Tocar saxofone era um dos maiores prazeres da vida da loira. Ela realmente estava aproveitando o momento, tanto que acabou se esquecendo de que estava ali a trabalho. Ganhar uma boa quantia de dinheiro por causa de um dos seus maiores prazeres. Sentia-se como uma prostituta musical ao avesso. Caminharam pelas ruas ao ritmo do jazz, festejando aquela data especial. Estava... Contente, talvez. Difícil dizer se “felicidade” se encaixa no grande dicionário da legista.

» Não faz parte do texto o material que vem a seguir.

lemma positive_polynomial_coeff_le:
  fixes b :: "nat \<Rightarrow> complex" and A :: real and M q :: nat
  assumes b0: "b 0 = 0" and deg: "\<And>p. M < p \<Longrightarrow> b p = 0"
    and pos: "\<And>w. cmod w < 1 \<Longrightarrow> \<exists>s. (\<lambda>p. b p * w ^ p) sums s \<and> 0 \<le> A + 2 * Re s"
    and q: "1 \<le> q" "q \<le> M"
  shows "cmod (b q) \<le> A * cos (pi / (real (M div q) + 2))"
proof (rule le_of_forall_mult_power_le[where q=q])
  fix \<rho> :: real assume \<rho>: "0 < \<rho>" "\<rho> < 1"
  define L where "L = M div q + 2"
  have L: "M < q * (L - 1)"
  proof -
    have "q * (M div q) + M mod q = M" by (rule mult_div_mod_eq)
    moreover have "M mod q < q" using q by simp
    moreover have "q * (L - 1) = q + q * (M div q)" by (simp add: L_def algebra_simps)
    ultimately show ?thesis by linarith
  qed
  have "cmod (b q * of_real (\<rho> ^ q)) \<le> A * cos (pi / L)"
  proof (rule nonneg_trig_poly_coeff_le[OF q L])
    fix \<theta> :: real
    have "cmod (of_real \<rho> * cis \<theta>) < 1" using \<rho> by (simp add: norm_mult)
    then obtain s where s: "(\<lambda>p. b p * (of_real \<rho> * cis \<theta>) ^ p) sums s" "0 \<le> A + 2 * Re s"
      using pos by blast
    have "(\<lambda>p. b p * (of_real \<rho> * cis \<theta>) ^ p) sums (\<Sum>p\<in>{1..M}. b p * (of_real \<rho> * cis \<theta>) ^ p)"
      by (rule sums_finite) (use b0 deg in \<open>auto simp: not_le Suc_le_eq\<close>)
    with s have "s = (\<Sum>p\<in>{1..M}. b p * of_real (\<rho> ^ p) * cis (real p * \<theta>))"
      by (simp add: sums_unique2 cis_power mult.assoc)
    with s(2) show "0 \<le> A + 2 * Re (\<Sum>p\<in>{1..M}. b p * of_real (\<rho> ^ p) * cis (real p * \<theta>))"
      by simp
  qed
  then show "cmod (b q) * \<rho> ^ q \<le> A * cos (pi / (real (M div q) + 2))"
    using \<rho> by (simp add: L_def norm_mult norm_power add.commute)
qed

lemma sum_lessThan_Suc_eq_atLeast1:
  "g 0 = 0 \<Longrightarrow> (\<Sum>p<Suc N. g p) = (\<Sum>p\<in>{1..N}. (g p :: 'a::comm_monoid_add))"
  by (induction N) (auto simp: sum.lessThan_Suc)

lemma nonneg_trig_series_truncate:
  fixes c :: "nat \<Rightarrow> complex" and A :: real and P :: nat
  assumes c0: "c 0 = 0" and sc: "summable (\<lambda>p. norm (c p))"
    and nonneg: "0 \<le> A + 2 * Re (\<Sum>p. c p * cis (real p * \<theta>))"
  shows "0 \<le> (A + 2 * (\<Sum>i. norm (c (i + Suc P)))) + 2 * Re (\<Sum>p\<in>{1..P}. c p * cis (real p * \<theta>))"
proof -
  define f where "f p = c p * cis (real p * \<theta>)" for p
  have nf: "norm (f p) = norm (c p)" for p by (simp add: f_def norm_mult)
  have sf: "summable (\<lambda>p. norm (f p))" using sc by (simp add: nf)
  have "(\<Sum>p. f p) = (\<Sum>i. f (i + Suc P)) + (\<Sum>p<Suc P. f p)"
    by (rule suminf_split_initial_segment[OF summable_norm_cancel[OF sf]])
  also have "(\<Sum>p<Suc P. f p) = (\<Sum>p\<in>{1..P}. f p)"
    by (rule sum_lessThan_Suc_eq_atLeast1) (simp add: f_def c0)
  finally have split: "(\<Sum>p. f p) = (\<Sum>i. f (i + Suc P)) + (\<Sum>p\<in>{1..P}. f p)" .
  have "Re (\<Sum>i. f (i + Suc P)) \<le> (\<Sum>i. norm (c (i + Suc P)))"
  proof -
    have "norm (\<Sum>i. f (i + Suc P)) \<le> (\<Sum>i. norm (f (i + Suc P)))"
      by (rule summable_norm) (rule summable_ignore_initial_segment[OF sf])
    then show ?thesis using abs_Re_le_cmod[of "\<Sum>i. f (i + Suc P)"] by (simp add: nf)
  qed
  moreover have "Re (\<Sum>p. f p) = Re (\<Sum>i. f (i + Suc P)) + Re (\<Sum>p\<in>{1..P}. f p)"
    by (simp only: split plus_complex.sel)
  ultimately have "0 \<le> A + 2 * (\<Sum>i. norm (c (i + Suc P))) + 2 * Re (\<Sum>p\<in>{1..P}. f p)"
    using nonneg unfolding f_def[symmetric] by linarith
  then show ?thesis by (simp only: f_def)
qed

lemma nonneg_trig_series_coeff_le:
  fixes c :: "nat \<Rightarrow> complex" and A :: real and q :: nat
  assumes c0: "c 0 = 0" and sc: "summable (\<lambda>p. norm (c p))"
    and nonneg: "\<And>\<theta>. 0 \<le> A + 2 * Re (\<Sum>p. c p * cis (real p * \<theta>))"
    and q: "1 \<le> q"
  shows "cmod (c q) \<le> A"
proof (rule field_le_epsilon)
  fix \<epsilon> :: real assume "0 < \<epsilon>"
  then obtain N where N: "\<forall>n\<ge>N. norm (\<Sum>i. norm (c (i + n))) < \<epsilon> / 2"
    using suminf_exist_split[OF _ sc, of "\<epsilon>/2"] by auto
  \<comment> \<open>Truncate at degree P and absorb the tail \<open>\<tau>\<close> into the constant term.\<close>
  define L where "L = N + 3"
  define P where "P = q * (L - 1) - 1"
  have qL: "2 * q \<le> q * (L - 1)" by (simp add: L_def)
  have qP: "q \<le> P" unfolding P_def using qL q by linarith
  have PL: "P < q * (L - 1)" unfolding P_def using qL q by linarith
  have "L - 1 \<le> q * (L - 1)" using q by simp
  then have "N \<le> Suc P" by (simp add: P_def L_def)
  define \<tau> where "\<tau> = (\<Sum>i. norm (c (i + Suc P)))"
  have "0 \<le> \<tau>" unfolding \<tau>_def
    by (intro suminf_nonneg summable_ignore_initial_segment[OF sc]) simp
  then have \<tau>: "\<tau> < \<epsilon> / 2" using N \<open>N \<le> Suc P\<close> by (auto simp: \<tau>_def)
  have "cmod (c q) \<le> (A + 2 * \<tau>) * cos (pi / L)"
    using nonneg_trig_series_truncate[OF c0 sc nonneg]
    by (intro nonneg_trig_poly_coeff_le[OF q qP PL]) (simp add: \<tau>_def)
  moreover have "0 < cos (pi / L)" using cos_pi_div_pos[of L] by (simp add: L_def)
  moreover have "cos (pi / L) \<le> 1" by simp
  ultimately have "0 \<le> A + 2 * \<tau>"
    by (metis norm_ge_zero order_trans zero_le_mult_iff linorder_not_le)
  with \<open>cos (pi / L) \<le> 1\<close> have "(A + 2 * \<tau>) * cos (pi / L) \<le> A + 2 * \<tau>"
    by (simp add: mult_left_le)
  with \<open>cmod (c q) \<le> (A + 2 * \<tau>) * cos (pi / L)\<close> have "cmod (c q) \<le> A + 2 * \<tau>" by simp
  with \<tau> show "cmod (c q) \<le> A + \<epsilon>" by linarith
qed

lemma positive_powser_coeff_le:
  fixes b :: "nat \<Rightarrow> complex" and A :: real and q :: nat
  assumes b0: "b 0 = 0"
    and pos: "\<And>w. cmod w < 1 \<Longrightarrow> \<exists>s. (\<lambda>p. b p * w ^ p) sums s \<and> 0 \<le> A + 2 * Re s"
    and q: "1 \<le> q"
  shows "cmod (b q) \<le> A"
proof (rule le_of_forall_mult_power_le[where q=q])
  fix \<rho> :: real assume \<rho>: "0 < \<rho>" "\<rho> < 1"
  define c where "c p = b p * of_real (\<rho> ^ p)" for p
  define \<rho>' where "\<rho>' = (1 + \<rho>) / 2"
  have \<rho>': "\<rho> < \<rho>'" "\<rho>' < 1" using \<rho> by (simp_all add: \<rho>'_def)
  then have "cmod (of_real \<rho>') < 1" using \<rho> by simp
  then obtain s where "(\<lambda>p. b p * of_real \<rho>' ^ p) sums s"
    using pos by blast
  then have "summable (\<lambda>p. norm (b p * of_real \<rho> ^ p))"
    by (intro powser_insidea[OF sums_summable]) (use \<rho> \<rho>' in auto)
  then have sc: "summable (\<lambda>p. norm (c p))" by (simp add: c_def)
  have "cmod (c q) \<le> A"
  proof (rule nonneg_trig_series_coeff_le[OF _ sc _ q])
    fix \<theta> :: real
    have "cmod (of_real \<rho> * cis \<theta>) < 1" using \<rho> by (simp add: norm_mult)
    then obtain s where s: "(\<lambda>p. b p * (of_real \<rho> * cis \<theta>) ^ p) sums s" "0 \<le> A + 2 * Re s"
      using pos by blast
    moreover have "(\<lambda>p. b p * (of_real \<rho> * cis \<theta>) ^ p) = (\<lambda>p. c p * cis (real p * \<theta>))"
      by (simp add: c_def cis_power mult.assoc)
    ultimately show "0 \<le> A + 2 * Re (\<Sum>p. c p * cis (real p * \<theta>))"
      by (simp add: sums_iff)
  qed (simp add: c_def b0)
  then show "cmod (b q) * \<rho> ^ q \<le> A" using \<rho> by (simp add: c_def norm_mult norm_power)
qed

lemma suminf_single: "(\<Sum>i. if i = j then (x::'a::{t2_space,comm_monoid_add}) else 0) = x"
  using sums_single[of j "\<lambda>_. x"] by (simp add: sums_iff)

lemma L2_scale: "f \<in> L2 \<Longrightarrow> (\<lambda>l. c * f l) \<in> L2"
  unfolding L2_def by (simp add: norm_mult power_mult_distrib summable_mult)

lemma norm2_scale: "f \<in> L2 \<Longrightarrow> norm2 (\<lambda>l. c * f l) = cmod c * norm2 f"
  unfolding norm2_def L2_def by (simp add: norm_mult power_mult_distrib suminf_mult real_sqrt_mult)

lemma norm2_nonneg: "f \<in> L2 \<Longrightarrow> 0 \<le> norm2 f"
  unfolding norm2_def L2_def by (simp add: suminf_nonneg)

lemma power2_norm2: "f \<in> L2 \<Longrightarrow> (norm2 f)\<^sup>2 = (\<Sum>i. (cmod (f i))\<^sup>2)"
  unfolding norm2_def L2_def by (simp add: suminf_nonneg)

lemma norm_le_norm2: "f \<in> L2 \<Longrightarrow> cmod (f j) \<le> norm2 f"
  unfolding norm2_def L2_def
  by (intro real_le_rsqrt) (use sum_le_suminf[of "\<lambda>i. (cmod (f i))\<^sup>2" "{j}"] in simp)

lemma power2_norm_basis2: "(\<lambda>i. (cmod (basis2 j i))\<^sup>2) = (\<lambda>i. if i = j then 1 else 0)"
  by (auto simp: basis2_def)

lemma basis2_L2: "basis2 j \<in> L2"
  unfolding L2_def mem_Collect_eq power2_norm_basis2
  using sums_single[of j "\<lambda>_. 1::real"] by (rule sums_summable)

lemma norm2_basis2: "norm2 (basis2 j) = 1"
  unfolding norm2_def power2_norm_basis2 by (simp add: suminf_single)

lemma inner2_basis2: "inner2 f (basis2 j) = f j"
proof -
  have "(\<lambda>i. f i * cnj (basis2 j i)) = (\<lambda>i. if i = j then f j else 0)"
    by (auto simp: basis2_def)
  then show ?thesis unfolding inner2_def by (simp add: suminf_single)
qed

Depois de mais ou menos três horas, a comemoração chegou ao fim. Estava cansada, de fato, mas sabia que, se fosse necessário, tocaria noite adentro. Conversou por alguns minutos com a senhora que organizara todo o festejo, acertando os detalhes do pagamento e recebendo elogios e agradecimentos. Era uma senhora muito educada e, apesar de ser falante em demasia, Eva gostou de conhecê-la.

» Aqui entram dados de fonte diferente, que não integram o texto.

lemma Least_ge_eq_ceiling:
  fixes m d :: nat
  assumes "0 < d"
  shows "(LEAST c. 1 \<le> c \<and> m \<le> (c - 1) * d) = 1 + nat \<lceil>real m / real d\<rceil>"
proof -
  define q where "q = nat \<lceil>real m / real d\<rceil>"
  have d: "0 < real d"
    using assms by simp
  have "(LEAST c. 1 \<le> c \<and> m \<le> (c - 1) * d) = 1 + q"
  proof (rule Least_equality)
    have "real m / real d \<le> real q"
      unfolding q_def by (simp add: le_of_int_ceiling)
    then have "real m \<le> real q * real d"
      using pos_divide_le_eq[OF d] by blast
    then show "1 \<le> 1 + q \<and> m \<le> (1 + q - 1) * d"
      by (simp flip: of_nat_mult)
  next
    fix c assume c: "1 \<le> c \<and> m \<le> (c - 1) * d"
    then have "real m \<le> real (c - 1) * real d"
      by (metis of_nat_le_iff of_nat_mult)
    then have "real m / real d \<le> real (c - 1)"
      using pos_divide_le_eq[OF d] by blast
    then have "q \<le> c - 1"
      unfolding q_def by (simp add: nat_le_iff ceiling_le_iff)
    then show "1 + q \<le> c"
      using c by linarith
  qed
  then show ?thesis
    by (simp add: q_def)
qed

section \<open>Conjugation and commutators\<close>

context group
begin

lemma inv_mult_cancel_left [simp]: "x \<in> carrier G \<Longrightarrow> y \<in> carrier G \<Longrightarrow> inv x \<otimes> (x \<otimes> y) = y"
  by (simp flip: m_assoc)

lemma mult_inv_cancel_left [simp]: "x \<in> carrier G \<Longrightarrow> y \<in> carrier G \<Longrightarrow> x \<otimes> (inv x \<otimes> y) = y"
  by (simp flip: m_assoc)

lemma conj_closed [intro, simp]: "x \<in> carrier G \<Longrightarrow> g \<in> carrier G \<Longrightarrow> conj G x g \<in> carrier G"
  by (simp add: conj_def)

lemma commutator_closed [intro, simp]:
  "x \<in> carrier G \<Longrightarrow> y \<in> carrier G \<Longrightarrow> commutator G x y \<in> carrier G"
  by (simp add: commutator_def)

lemma conj_one_right [simp]: "x \<in> carrier G \<Longrightarrow> conj G x \<one> = x"
  by (simp add: conj_def)

lemma conj_conj:
  "\<lbrakk>x \<in> carrier G; g \<in> carrier G; h \<in> carrier G\<rbrakk> \<Longrightarrow> conj G (conj G x g) h = conj G x (g \<otimes> h)"
  by (simp add: conj_def inv_mult_group m_assoc)

lemma conj_mult:
  "\<lbrakk>x \<in> carrier G; y \<in> carrier G; g \<in> carrier G\<rbrakk> \<Longrightarrow> conj G (x \<otimes> y) g = conj G x g \<otimes> conj G y g"
  by (simp add: conj_def m_assoc)

lemma conj_pow: "x \<in> carrier G \<Longrightarrow> g \<in> carrier G \<Longrightarrow> conj G (x [^] (n::nat)) g = conj G x g [^] n"
  by (induction n) (simp_all add: conj_mult, simp add: conj_def)

lemma mult_conj: "x \<in> carrier G \<Longrightarrow> g \<in> carrier G \<Longrightarrow> g \<otimes> conj G x g = x \<otimes> g"
  by (simp add: conj_def flip: m_assoc)

lemma commutator_eq_inv_mult_conj:
  "x \<in> carrier G \<Longrightarrow> y \<in> carrier G \<Longrightarrow> commutator G x y = inv x \<otimes> conj G x y"
  by (simp add: commutator_def conj_def m_assoc)

lemma mult_commutator:
  "x \<in> carrier G \<Longrightarrow> y \<in> carrier G \<Longrightarrow> x \<otimes> y = y \<otimes> x \<otimes> commutator G x y"
  by (simp add: commutator_def m_assoc)

lemma inv_commutator:
  "x \<in> carrier G \<Longrightarrow> y \<in> carrier G \<Longrightarrow> inv (commutator G x y) = commutator G y x"
  by (simp add: commutator_def inv_mult_group m_assoc)

lemma commutator_one_right [simp]: "x \<in> carrier G \<Longrightarrow> commutator G x \<one> = \<one>"
  by (simp add: commutator_def)

lemma commutator_one_left [simp]: "x \<in> carrier G \<Longrightarrow> commutator G \<one> x = \<one>"
  by (simp add: commutator_def)

lemma commutator_self [simp]: "x \<in> carrier G \<Longrightarrow> commutator G x x = \<one>"
  by (simp add: commutator_def m_assoc)

lemma commutator_eq_one_iff:
  assumes "x \<in> carrier G" "y \<in> carrier G"
  shows "commutator G x y = \<one> \<longleftrightarrow> x \<otimes> y = y \<otimes> x"
  using mult_commutator[OF assms] assms
  by (metis commutator_closed m_closed r_one l_cancel_one')

lemma commutator_mult_right:
  "\<lbrakk>x \<in> carrier G; y \<in> carrier G; z \<in> carrier G\<rbrakk> \<Longrightarrow>
   commutator G x (y \<otimes> z) = commutator G x z \<otimes> conj G (commutator G x y) z"
  by (simp add: commutator_def conj_def inv_mult_group m_assoc)

lemma commutator_mult_left:
  "\<lbrakk>x \<in> carrier G; x' \<in> carrier G; y \<in> carrier G\<rbrakk> \<Longrightarrow>
   commutator G (x \<otimes> x') y = conj G (commutator G x y) x' \<otimes> commutator G x' y"
  by (simp add: commutator_def conj_def inv_mult_group m_assoc)

lemma commutators_eq_derived_set:
  "{commutator G x y | x y. x \<in> carrier G \<and> y \<in> carrier G} = derived_set G (carrier G)"
proof (intro equalityI subsetI)
  fix h assume "h \<in> {commutator G x y | x y. x \<in> carrier G \<and> y \<in> carrier G}"
  then obtain x y where "x \<in> carrier G" "y \<in> carrier G" "h = commutator G x y"
    by blast
  then have "h = inv x \<otimes> inv y \<otimes> inv (inv x) \<otimes> inv (inv y)" "inv x \<in> carrier G" "inv y \<in> carrier G"
    by (simp_all add: commutator_def)
  then show "h \<in> derived_set G (carrier G)"
    by blast
next
  fix h assume "h \<in> derived_set G (carrier G)"
  then obtain x y where "x \<in> carrier G" "y \<in> carrier G" "h = x \<otimes> y \<otimes> inv x \<otimes> inv y"
    by blast
  then have "h = commutator G (inv x) (inv y)" "inv x \<in> carrier G" "inv y \<in> carrier G"
    by (simp_all add: commutator_def)
  then show "h \<in> {commutator G x y | x y. x \<in> carrier G \<and> y \<in> carrier G}"
    by blast
qed

lemma commutator_in_derived:
  "x \<in> carrier G \<Longrightarrow> y \<in> carrier G \<Longrightarrow> commutator G x y \<in> derived G (carrier G)"
  unfolding derived_def commutators_eq_derived_set[symmetric] by (rule generate.incl) blast

lemma comm_subgroup_carrier: "comm_subgroup G (carrier G) (carrier G) = derived G (carrier G)"
  unfolding comm_subgroup_def derived_def commutators_eq_derived_set ..

lemma nat_pow_eq_iff_cong:
  "x \<in> carrier G \<Longrightarrow> x [^] (i::nat) = x [^] (j::nat) \<longleftrightarrow> [i = j] (mod ord x)"
  using int_pow_eq[of x "int i" "int j"]
  by (simp add: int_pow_int cong_iff_dvd_diff dvd_diff_commute flip: cong_int_iff)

Mais uma vez de volta para a estrada. Como estava com fome, parou em um pequeno mercado antes de voltar para casa. A alemã se sentia tão inspirada que decidiu preparar o jantar por sua conta. Não encostara na cozinha desde sua chegada ao dormitório. Pegou-se relembrando seus finais de semana com Petrus enquanto escolhia alguns pimentões verdes. Nenhum dos dois era bom cozinheiro, então a verdadeira competição era tentar fazer uma refeição completa e pomposa com ingredientes simples, como ovos e macarrão instantâneo. Tocariam seus instrumentos, saxofone e piano, depois do jantar e, talvez, fumariam um pouco na varanda. Bons tempos, pensou, mas ele era um mentiroso e agora está morto. Empurrou as memórias indesejadas para um quarto de sua mente, trancou a porta e jogou a chave o mais longe possível. Sabia, porém, que era só uma questão de tempo até encontrar a tal chave.
Curiosidade: Os casos de suicídio (egoísta e anômico) aumentam em noites de lua cheia e feriados.
Cerca de duas horas depois, a cientista já estava sentada na mesa de jantar de seu apartamento. A cozinha já estava limpa e sua refeição, berinjelas e pimentões recheados de carne moída, pronta. Macquiavel, a Python timoriensis albina, se retorcia preguiçosamente em sua jaula de vidro. O lustre acima de sua cabeça era a única fonte de iluminação e um blues desconhecido tocava na antiga vitrola de seu falecido mentor. Ela geralmente preferia seu Ipod, mas aquele era um momento de paz raro e relativamente especial.
Um dia aparentemente comum que acabou saindo melhor do que o esperado.
Colocou um pouco mais de merlot suave em uma de suas poucas taças e a ergueu em um gesto solene, um pouco acima da cabeça.
– Feliz aniversário de vinte anos, Eva.